Materials provided:
◆ ◆ ◆

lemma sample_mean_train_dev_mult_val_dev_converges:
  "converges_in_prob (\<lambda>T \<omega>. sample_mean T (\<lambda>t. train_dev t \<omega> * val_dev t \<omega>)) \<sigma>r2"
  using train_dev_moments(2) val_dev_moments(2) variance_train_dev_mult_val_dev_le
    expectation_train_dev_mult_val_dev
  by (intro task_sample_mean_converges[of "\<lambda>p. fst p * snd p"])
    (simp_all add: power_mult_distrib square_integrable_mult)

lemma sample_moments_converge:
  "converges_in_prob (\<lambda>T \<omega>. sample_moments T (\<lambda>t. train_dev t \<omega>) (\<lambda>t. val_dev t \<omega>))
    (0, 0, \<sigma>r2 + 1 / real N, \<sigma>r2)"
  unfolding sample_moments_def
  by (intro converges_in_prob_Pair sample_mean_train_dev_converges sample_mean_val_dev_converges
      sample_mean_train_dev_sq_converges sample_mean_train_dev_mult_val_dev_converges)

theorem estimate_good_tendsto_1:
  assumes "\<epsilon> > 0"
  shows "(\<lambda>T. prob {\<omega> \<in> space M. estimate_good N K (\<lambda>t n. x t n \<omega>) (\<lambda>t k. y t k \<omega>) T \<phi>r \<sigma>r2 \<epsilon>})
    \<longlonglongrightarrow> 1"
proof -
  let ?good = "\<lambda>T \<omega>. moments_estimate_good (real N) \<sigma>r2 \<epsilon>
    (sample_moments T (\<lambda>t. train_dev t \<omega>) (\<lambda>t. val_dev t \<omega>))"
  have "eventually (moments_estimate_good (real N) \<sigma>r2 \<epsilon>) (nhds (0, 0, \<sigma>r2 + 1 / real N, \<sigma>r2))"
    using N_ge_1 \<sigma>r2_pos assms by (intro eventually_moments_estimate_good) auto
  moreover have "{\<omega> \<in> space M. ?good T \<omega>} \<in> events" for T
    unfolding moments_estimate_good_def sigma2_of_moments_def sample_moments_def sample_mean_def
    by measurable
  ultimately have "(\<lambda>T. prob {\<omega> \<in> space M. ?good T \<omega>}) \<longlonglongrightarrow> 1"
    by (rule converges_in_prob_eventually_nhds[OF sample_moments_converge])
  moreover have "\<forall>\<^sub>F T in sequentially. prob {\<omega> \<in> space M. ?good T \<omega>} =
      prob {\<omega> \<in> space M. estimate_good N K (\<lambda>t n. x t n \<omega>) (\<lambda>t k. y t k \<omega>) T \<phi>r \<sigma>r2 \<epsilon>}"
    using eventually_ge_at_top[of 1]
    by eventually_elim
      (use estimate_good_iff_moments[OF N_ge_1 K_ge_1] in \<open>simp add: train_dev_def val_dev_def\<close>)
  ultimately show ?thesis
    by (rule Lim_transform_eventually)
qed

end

◆ ◆ ◆

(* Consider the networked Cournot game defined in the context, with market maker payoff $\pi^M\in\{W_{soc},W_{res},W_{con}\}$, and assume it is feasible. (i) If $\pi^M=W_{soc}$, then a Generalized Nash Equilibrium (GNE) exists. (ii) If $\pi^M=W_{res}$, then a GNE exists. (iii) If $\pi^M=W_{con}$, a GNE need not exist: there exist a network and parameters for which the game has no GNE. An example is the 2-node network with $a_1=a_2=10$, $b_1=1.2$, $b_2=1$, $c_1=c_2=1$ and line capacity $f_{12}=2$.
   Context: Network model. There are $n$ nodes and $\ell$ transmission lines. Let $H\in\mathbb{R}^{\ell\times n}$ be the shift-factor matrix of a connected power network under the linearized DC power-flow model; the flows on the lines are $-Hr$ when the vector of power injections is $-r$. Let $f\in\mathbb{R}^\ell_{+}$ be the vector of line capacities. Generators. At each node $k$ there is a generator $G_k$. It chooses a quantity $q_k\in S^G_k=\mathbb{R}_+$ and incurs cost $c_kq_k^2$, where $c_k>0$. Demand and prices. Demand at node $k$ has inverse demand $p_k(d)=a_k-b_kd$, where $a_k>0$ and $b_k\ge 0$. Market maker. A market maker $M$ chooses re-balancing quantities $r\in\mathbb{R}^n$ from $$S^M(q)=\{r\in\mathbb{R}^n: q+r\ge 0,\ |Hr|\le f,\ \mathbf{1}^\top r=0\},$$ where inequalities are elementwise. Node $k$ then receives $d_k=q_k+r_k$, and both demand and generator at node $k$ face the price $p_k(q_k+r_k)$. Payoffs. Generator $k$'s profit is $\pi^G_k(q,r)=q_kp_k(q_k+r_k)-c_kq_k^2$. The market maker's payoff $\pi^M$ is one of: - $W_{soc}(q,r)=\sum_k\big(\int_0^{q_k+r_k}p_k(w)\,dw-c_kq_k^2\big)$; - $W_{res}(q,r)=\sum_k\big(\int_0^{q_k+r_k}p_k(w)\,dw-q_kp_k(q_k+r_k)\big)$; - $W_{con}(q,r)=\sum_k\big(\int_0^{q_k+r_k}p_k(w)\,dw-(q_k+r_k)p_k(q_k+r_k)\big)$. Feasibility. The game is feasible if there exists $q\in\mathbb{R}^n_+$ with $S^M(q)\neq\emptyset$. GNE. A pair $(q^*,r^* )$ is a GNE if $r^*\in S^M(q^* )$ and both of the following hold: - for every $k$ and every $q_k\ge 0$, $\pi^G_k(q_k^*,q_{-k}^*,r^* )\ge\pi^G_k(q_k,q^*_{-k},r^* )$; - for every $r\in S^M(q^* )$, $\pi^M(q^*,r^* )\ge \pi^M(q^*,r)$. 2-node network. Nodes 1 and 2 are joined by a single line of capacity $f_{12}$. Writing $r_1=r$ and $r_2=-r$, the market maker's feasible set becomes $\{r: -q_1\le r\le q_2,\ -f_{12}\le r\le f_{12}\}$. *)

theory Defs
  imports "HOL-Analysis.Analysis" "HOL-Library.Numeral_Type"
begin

◆ ◆ ◆

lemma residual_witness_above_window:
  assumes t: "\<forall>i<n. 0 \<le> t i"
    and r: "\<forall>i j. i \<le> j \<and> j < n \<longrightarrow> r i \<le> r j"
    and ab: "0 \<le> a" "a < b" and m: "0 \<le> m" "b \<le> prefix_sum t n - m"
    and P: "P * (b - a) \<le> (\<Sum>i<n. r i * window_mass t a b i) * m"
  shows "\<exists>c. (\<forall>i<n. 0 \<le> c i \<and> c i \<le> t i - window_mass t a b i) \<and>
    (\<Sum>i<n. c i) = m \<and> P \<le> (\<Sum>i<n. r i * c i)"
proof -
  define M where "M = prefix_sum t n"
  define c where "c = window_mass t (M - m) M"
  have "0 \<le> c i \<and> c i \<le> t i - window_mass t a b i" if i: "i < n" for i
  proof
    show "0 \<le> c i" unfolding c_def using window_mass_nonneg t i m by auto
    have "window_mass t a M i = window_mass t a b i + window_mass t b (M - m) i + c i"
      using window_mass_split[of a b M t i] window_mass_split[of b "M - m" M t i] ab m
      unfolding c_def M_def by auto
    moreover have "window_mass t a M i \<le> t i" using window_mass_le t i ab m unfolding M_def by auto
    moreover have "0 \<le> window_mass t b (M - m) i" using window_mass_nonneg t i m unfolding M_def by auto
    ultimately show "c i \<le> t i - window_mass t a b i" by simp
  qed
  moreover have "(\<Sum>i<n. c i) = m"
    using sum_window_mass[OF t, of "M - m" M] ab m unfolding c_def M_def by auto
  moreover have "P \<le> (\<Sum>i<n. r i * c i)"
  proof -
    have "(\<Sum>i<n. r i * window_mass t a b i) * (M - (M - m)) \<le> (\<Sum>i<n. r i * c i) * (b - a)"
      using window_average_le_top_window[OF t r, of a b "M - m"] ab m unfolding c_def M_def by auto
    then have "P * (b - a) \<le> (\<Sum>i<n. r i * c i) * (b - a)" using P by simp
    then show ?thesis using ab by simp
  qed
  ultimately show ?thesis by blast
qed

◆ ◆ ◆

Problem requirements:
The answer should consist of all lines from the records above that hold the word "moreover".

Task result:
  moreover have "{\<omega> \<in> space M. ?good T \<omega>} \<in> events" for T
  moreover have "\<forall>\<^sub>F T in sequentially. prob {\<omega> \<in> space M. ?good T \<omega>} =
    moreover have "window_mass t a M i \<le> t i" using window_mass_le t i ab m unfolding M_def by auto
    moreover have "0 \<le> window_mass t b (M - m) i" using window_mass_nonneg t i m unfolding M_def by auto
  moreover have "(\<Sum>i<n. c i) = m"
  moreover have "P \<le> (\<Sum>i<n. r i * c i)"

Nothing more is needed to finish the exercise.